##### Data to use #####

definition Bspace :: "(real \<Rightarrow> real) set" where
  "Bspace = {\<Phi>. (\<forall>p. p \<notin> unit_ioc \<longrightarrow> \<Phi> p = 0)
            \<and> (\<exists>M. \<forall>p\<in>unit_ioc. \<bar>\<Phi> p\<bar> \<le> M)
            \<and> (\<forall>\<epsilon>>0. \<exists>s. simple_fun s \<and> (\<forall>p\<in>unit_ioc. \<bar>\<Phi> p - s p\<bar> < \<epsilon>))}"

definition total_preorder_on :: "'a set \<Rightarrow> ('a \<Rightarrow> 'a \<Rightarrow> bool) \<Rightarrow> bool" where
  "total_preorder_on S R \<longleftrightarrow>
     (\<forall>x\<in>S. R x x) \<and>
     (\<forall>x\<in>S. \<forall>y\<in>S. \<forall>z\<in>S. R x y \<longrightarrow> R y z \<longrightarrow> R x z) \<and>
     (\<forall>x\<in>S. \<forall>y\<in>S. R x y \<or> R y x)"

definition strict_part :: "('a \<Rightarrow> 'a \<Rightarrow> bool) \<Rightarrow> 'a \<Rightarrow> 'a \<Rightarrow> bool" where
  "strict_part R x y \<longleftrightarrow> R x y \<and> \<not> R y x"

definition uclosed_in_Qb :: "(real \<Rightarrow> real) set \<Rightarrow> bool" where
  "uclosed_in_Qb T \<longleftrightarrow> (\<forall>\<Psi>\<in>Qb. (\<forall>\<epsilon>>0. \<exists>\<Psi>'\<in>T. sup_norm (\<lambda>p. \<Psi>' p - \<Psi> p) < \<epsilon>) \<longrightarrow> \<Psi> \<in> T)"
(* Assume $(H_S(\infty))$, and for $\lambda\in(0,1]$ let $\mathbf a_\lambda>0$ be the unique solution of $\lambda\mathbf a_\lambda=\nu_S((\mathbf a_\lambda,\infty))$ and $\mathbf n_\lambda=\lfloor 1/(\lambda\mathbf a_\lambda)\rfloor$. Then there exists a function $\lambda\mapsto\mathbf m_\lambda$ from $(0,1]$ to $\mathbb{N}$ which is non-increasing and satisfies $\lim_{\lambda\to0}\mathbf m_\lambda=\infty$, $\lim_{\lambda\to0}\mathbf m_\lambda/\mathbf n_\lambda=0$, and for every $z\in[0,1)$, $\lim_{\lambda\to0}\mathbf m_\lambda\,\nu_S((\mathbf a_\lambda z,\infty))=\infty$.
   Context: $(H_S(\infty))$: $\mu_S$ is a probability measure on $(0,\infty)$ with unbounded support and finite mean $m_S$; with $\nu_S(dt)=m_S^{-1}\mu_S((t,\infty))dt$, for all $t>0$, $\lim_{x\to\infty}\nu_S((x,\infty))/\nu_S((tx,\infty))=t^\infty$, where $t^\infty=0$ for $t<1$, $1^\infty=1$, $t^\infty=\infty$ for $t>1$. (The map $a\mapsto a/\nu_S((a,\infty))$ is an increasing continuous bijection of $(0,\infty)$, so $\mathbf a_\lambda$ is well defined and $\mathbf a_\lambda\to\infty$ as $\lambda\to0$.) *)

theory Defs
  imports "HOL-Probability.Probability"
begin

definition mean_S :: "real measure \<Rightarrow> real" where
  "mean_S mu = (\<integral>x. x \<partial>mu)"

text \<open>Tail of the stationary-excess law: nu_S((x,oo)) = m_S^{-1} int_x^oo mu_S((s,oo)) ds.\<close>
definition nu_tail :: "real measure \<Rightarrow> real \<Rightarrow> real" where
  "nu_tail mu x = (LBINT s:{x<..}. measure mu {s<..}) / mean_S mu"
text \<open>Sum the functions of \<open>local_closedin_zero_set\<close> over a finite subcover.\<close>
lemma compact_locally_metrizable_closedin_zero_set:
  assumes X: "compact_space X" "Hausdorff_space X"
    and loc: "\<And>x. x \<in> topspace X \<Longrightarrow> \<exists>U. openin X U \<and> x \<in> U \<and> metrizable_space (subtopology X U)"
    and S: "closedin X S"
  obtains g where "continuous_map X euclideanreal g"
    "\<And>x. x \<in> topspace X \<Longrightarrow> 0 \<le> g x \<and> g x \<le> 1 \<and> (g x = 0 \<longleftrightarrow> x \<in> S)"
proof -
  have "\<exists>Q g. openin X Q \<and> x \<in> Q \<and> continuous_map X euclideanreal g \<and> (\<forall>y. 0 \<le> g y) \<and>
      (\<forall>y\<in>S. g y = 0) \<and> (\<forall>y\<in>Q - S. 0 < g y)" if x: "x \<in> topspace X" for x
  proof -
    obtain U where "openin X U" "x \<in> U" "metrizable_space (subtopology X U)"
      using loc[OF x] by blast
    then obtain Q g where "openin X Q" "x \<in> Q" "continuous_map X euclideanreal g"
      "\<And>y. 0 \<le> g y" "\<And>y. y \<in> S \<Longrightarrow> g y = 0" "\<And>y. y \<in> Q - S \<Longrightarrow> 0 < g y"
      using local_closedin_zero_set[OF X _ _ _ S] by blast
    then show ?thesis by blast
  qed
  then obtain Q g where Qg: "\<And>x. x \<in> topspace X \<Longrightarrow> openin X (Q x) \<and> x \<in> Q x \<and>
      continuous_map X euclideanreal (g x) \<and> (\<forall>y. 0 \<le> g x y) \<and>
      (\<forall>y\<in>S. g x y = 0) \<and> (\<forall>y\<in>Q x - S. 0 < g x y)"
    by metis
  have g: "\<And>x. x \<in> topspace X \<Longrightarrow> continuous_map X euclideanreal (g x)"
    and g0: "\<And>x y. x \<in> topspace X \<Longrightarrow> 0 \<le> g x y"
    and gS: "\<And>x y. x \<in> topspace X \<Longrightarrow> y \<in> S \<Longrightarrow> g x y = 0"
    and gpos: "\<And>x y. x \<in> topspace X \<Longrightarrow> y \<in> Q x - S \<Longrightarrow> 0 < g x y"
    using Qg by blast+
  obtain F where F: "finite F" "F \<subseteq> topspace X" "topspace X \<subseteq> (\<Union>x\<in>F. Q x)"
    using compact_space_pointed_cover[OF X(1)] Qg by metis
  define G where "G = (\<lambda>y. min 1 (\<Sum>x\<in>F. g x y))"
  show ?thesis
  proof (rule that[of G])
    show "continuous_map X euclideanreal G"
      unfolding G_def using F g by (intro continuous_map_real_min continuous_map_sum) auto
    fix y assume y: "y \<in> topspace X"
    have "G y = 0 \<longleftrightarrow> y \<in> S"
    proof
      assume "G y = 0"
      show "y \<in> S"
      proof (rule ccontr)
        assume "y \<notin> S"
        obtain x where "x \<in> F" "y \<in> Q x" using F y by blast
        then have "0 < (\<Sum>x\<in>F. g x y)"
          using F g0 gpos \<open>y \<notin> S\<close> by (intro sum_pos2[of F x]) auto
        then show False
          using \<open>G y = 0\<close> by (simp add: G_def)
      qed
    next
      assume "y \<in> S"
      then have "(\<Sum>x\<in>F. g x y) = 0"
        using F(2) gS by (intro sum.neutral) auto
      then show "G y = 0"
        by (simp add: G_def)
    qed
    moreover have "0 \<le> (\<Sum>x\<in>F. g x y)"
      using F g0 by (intro sum_nonneg) auto
    ultimately show "0 \<le> G y \<and> G y \<le> 1 \<and> (G y = 0 \<longleftrightarrow> y \<in> S)"
      by (simp add: G_def)
  qed
qed

section \<open>Inward deformations\<close>

text \<open>For a compact manifold with boundary, \<open>I\<close> will be the interior.\<close>
definition inward_deformation :: "'a topology \<Rightarrow> 'a set \<Rightarrow> ('a \<Rightarrow> real) \<Rightarrow> (real \<times> 'a \<Rightarrow> 'a) \<Rightarrow> bool"
  where "inward_deformation W I \<rho> h \<longleftrightarrow> I \<subseteq> topspace W \<and>
     continuous_map W euclideanreal \<rho> \<and> (\<forall>x\<in>topspace W. 0 \<le> \<rho> x \<and> \<rho> x \<le> 1 \<and> (\<rho> x = 0 \<longleftrightarrow> x \<notin> I)) \<and>
     continuous_map (prod_topology (top_of_set {0..1::real}) W) W h \<and>
     (\<forall>x\<in>topspace W. h (0, x) = x) \<and>
     (\<forall>t x. 0 < t \<longrightarrow> t \<le> 1 \<longrightarrow> x \<in> topspace W \<longrightarrow> h (t, x) \<in> I)"

lemma inward_deformationD:
  assumes "inward_deformation W I \<rho> h"
  shows "I \<subseteq> topspace W" and "continuous_map W euclideanreal \<rho>"
    and "\<And>x. x \<in> topspace W \<Longrightarrow> \<rho> x \<in> {0..1}"
    and "\<And>x. x \<in> topspace W - I \<Longrightarrow> \<rho> x = 0" and "\<And>x. x \<in> I \<Longrightarrow> 0 < \<rho> x"
    and "continuous_map (prod_topology (top_of_set {0..1::real}) W) W h"
    and "\<And>x. x \<in> topspace W \<Longrightarrow> h (0, x) = x"
    and "\<And>t x. t \<in> {0..1} \<Longrightarrow> x \<in> topspace W \<Longrightarrow> 0 < t \<or> x \<in> I \<Longrightarrow> h (t, x) \<in> I"
  using assms unfolding inward_deformation_def
  by (auto simp: less_eq_real_def subset_iff)

lemma continuous_map_homotopy_apply:
  assumes h: "continuous_map (prod_topology (top_of_set {0..1::real}) W) W h"
    and a: "continuous_map Z euclideanreal a" "\<And>z. z \<in> topspace Z \<Longrightarrow> a z \<in> {0..1}"
    and b: "continuous_map Z W b"
  shows "continuous_map Z W (\<lambda>z. h (a z, b z))"
proof -
  have "continuous_map Z (top_of_set {0..1}) a"
    using a by (auto simp: continuous_map_in_subtopology)
  then have "continuous_map Z (prod_topology (top_of_set {0..1::real}) W) (\<lambda>z. (a z, b z))"
    using b by (intro continuous_map_pairedI)
  then show ?thesis
    using continuous_map_compose[OF _ h] by (simp add: o_def)
qed

lemma homotopic_with_topspaceI:
  assumes P: "\<And>k l. (\<And>x. x \<in> topspace X \<Longrightarrow> k x = l x) \<Longrightarrow> P k \<longleftrightarrow> P l"
    and H: "continuous_map (prod_topology (top_of_set {0..1::real}) X) Y H"
    and "\<And>x. x \<in> topspace X \<Longrightarrow> H (0, x) = p x" and "\<And>x. x \<in> topspace X \<Longrightarrow> H (1, x) = q x"
    and "\<And>t. t \<in> {0..1} \<Longrightarrow> P (\<lambda>x. H (t, x))"
  shows "homotopic_with P X Y p q"
  using homotopic_with[of X P Y p q] P assms(2-) by blast

definition inward_lift :: "('a \<Rightarrow> real) \<Rightarrow> (real \<times> 'b \<Rightarrow> 'b) \<Rightarrow> ('a \<Rightarrow> 'b) \<Rightarrow> 'a \<Rightarrow> 'b"
  where "inward_lift \<rho> h f x = h (\<rho> x, f x)"

text \<open>At time \<open>\<rho>\<^sub>1 x\<close> the deformation of \<open>W\<^sub>2\<close> moves \<open>f x\<close> into \<open>I\<^sub>2\<close> unless \<open>x\<close> is on the
  boundary, where nothing moves.\<close>
lemma inward_lift_properties:
  assumes d1: "inward_deformation W1 I1 \<rho>1 h1" and d2: "inward_deformation W2 I2 \<rho>2 h2"
    and f: "pair_map W1 (topspace W1 - I1) W2 (topspace W2 - I2) f"
  shows "continuous_map W1 W2 (inward_lift \<rho>1 h2 f)"
    and "\<And>x. x \<in> I1 \<Longrightarrow> inward_lift \<rho>1 h2 f x \<in> I2"
    and "\<And>x. x \<in> topspace W1 - I1 \<Longrightarrow> inward_lift \<rho>1 h2 f x = f x"
    and "\<And>x. x \<in> topspace W1 - I1 \<Longrightarrow> inward_lift \<rho>1 h2 f x \<in> topspace W2 - I2"
    and "homotopic_with (\<lambda>k. k ` (topspace W1 - I1) \<subseteq> topspace W2 - I2) W1 W2 (inward_lift \<rho>1 h2 f) f"
proof -
  have fc: "continuous_map W1 W2 f" and fB: "f ` (topspace W1 - I1) \<subseteq> topspace W2 - I2"
    using f by (auto simp: pair_map_def)
  have ftop: "f x \<in> topspace W2" if "x \<in> topspace W1" for x
    using fc that by (auto simp: continuous_map_def)
  note d1D = inward_deformationD[OF d1] and d2D = inward_deformationD[OF d2]
  show "continuous_map W1 W2 (inward_lift \<rho>1 h2 f)"
    unfolding inward_lift_def using continuous_map_homotopy_apply[OF d2D(6) d1D(2) d1D(3) fc] .
  show "inward_lift \<rho>1 h2 f x \<in> I2" if "x \<in> I1" for x
    unfolding inward_lift_def using that d1D(1) by (intro d2D(8) d1D(3) ftop) (auto intro: d1D(5))
  show eqB: "inward_lift \<rho>1 h2 f x = f x" if "x \<in> topspace W1 - I1" for x
    unfolding inward_lift_def using that d1D(4) d2D(7) ftop by auto
  show "inward_lift \<rho>1 h2 f x \<in> topspace W2 - I2" if "x \<in> topspace W1 - I1" for x
    using eqB[OF that] fB that by auto
  let ?T = "prod_topology (top_of_set {0..1::real}) W1"
  let ?H = "\<lambda>p. h2 ((1 - fst p) * \<rho>1 (snd p), f (snd p))"
  show "homotopic_with (\<lambda>k. k ` (topspace W1 - I1) \<subseteq> topspace W2 - I2) W1 W2 (inward_lift \<rho>1 h2 f) f"
  proof (rule homotopic_with_topspaceI[where H = ?H])
    fix k l :: "'a \<Rightarrow> 'b" assume "\<And>x. x \<in> topspace W1 \<Longrightarrow> k x = l x"
    then have "k ` (topspace W1 - I1) = l ` (topspace W1 - I1)"
      by (auto intro!: image_cong)
    then show "k ` (topspace W1 - I1) \<subseteq> topspace W2 - I2 \<longleftrightarrow> l ` (topspace W1 - I1) \<subseteq> topspace W2 - I2"
      by simp
  next
    show "continuous_map ?T W2 ?H"
    proof (rule continuous_map_homotopy_apply[OF d2D(6)])
      show "continuous_map ?T euclideanreal (\<lambda>p. (1 - fst p) * \<rho>1 (snd p))"
        using continuous_map_compose[OF continuous_map_snd d1D(2)]
        by (intro continuous_map_real_mult continuous_map_diff)
           (auto simp: o_def intro: continuous_map_into_fulltopology[OF continuous_map_fst])
      show "(1 - fst p) * \<rho>1 (snd p) \<in> {0..1}" if "p \<in> topspace ?T" for p
        using that d1D(3)[of "snd p"] by (auto simp: mult_le_one)
      show "continuous_map ?T W2 (\<lambda>p. f (snd p))"
        using continuous_map_compose[OF continuous_map_snd fc] by (simp add: o_def)
    qed
  next
    fix t :: real
    show "(\<lambda>x. ?H (t, x)) ` (topspace W1 - I1) \<subseteq> topspace W2 - I2"
      using d1D(4) d2D(7) fB ftop by auto
  qed (use d2D(7) ftop in \<open>auto simp: inward_lift_def\<close>)
qed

#####

### Work request
Print, unaltered, every line from the beginning of the material down to the line with "real) set \<Rightarrow>".

### Answer space
definition Bspace :: "(real \<Rightarrow> real) set" where
  "Bspace = {\<Phi>. (\<forall>p. p \<notin> unit_ioc \<longrightarrow> \<Phi> p = 0)
            \<and> (\<exists>M. \<forall>p\<in>unit_ioc. \<bar>\<Phi> p\<bar> \<le> M)
            \<and> (\<forall>\<epsilon>>0. \<exists>s. simple_fun s \<and> (\<forall>p\<in>unit_ioc. \<bar>\<Phi> p - s p\<bar> < \<epsilon>))}"

definition total_preorder_on :: "'a set \<Rightarrow> ('a \<Rightarrow> 'a \<Rightarrow> bool) \<Rightarrow> bool" where
  "total_preorder_on S R \<longleftrightarrow>
     (\<forall>x\<in>S. R x x) \<and>
     (\<forall>x\<in>S. \<forall>y\<in>S. \<forall>z\<in>S. R x y \<longrightarrow> R y z \<longrightarrow> R x z) \<and>
     (\<forall>x\<in>S. \<forall>y\<in>S. R x y \<or> R y x)"

definition strict_part :: "('a \<Rightarrow> 'a \<Rightarrow> bool) \<Rightarrow> 'a \<Rightarrow> 'a \<Rightarrow> bool" where
  "strict_part R x y \<longleftrightarrow> R x y \<and> \<not> R y x"

definition uclosed_in_Qb :: "(real \<Rightarrow> real) set \<Rightarrow> bool" where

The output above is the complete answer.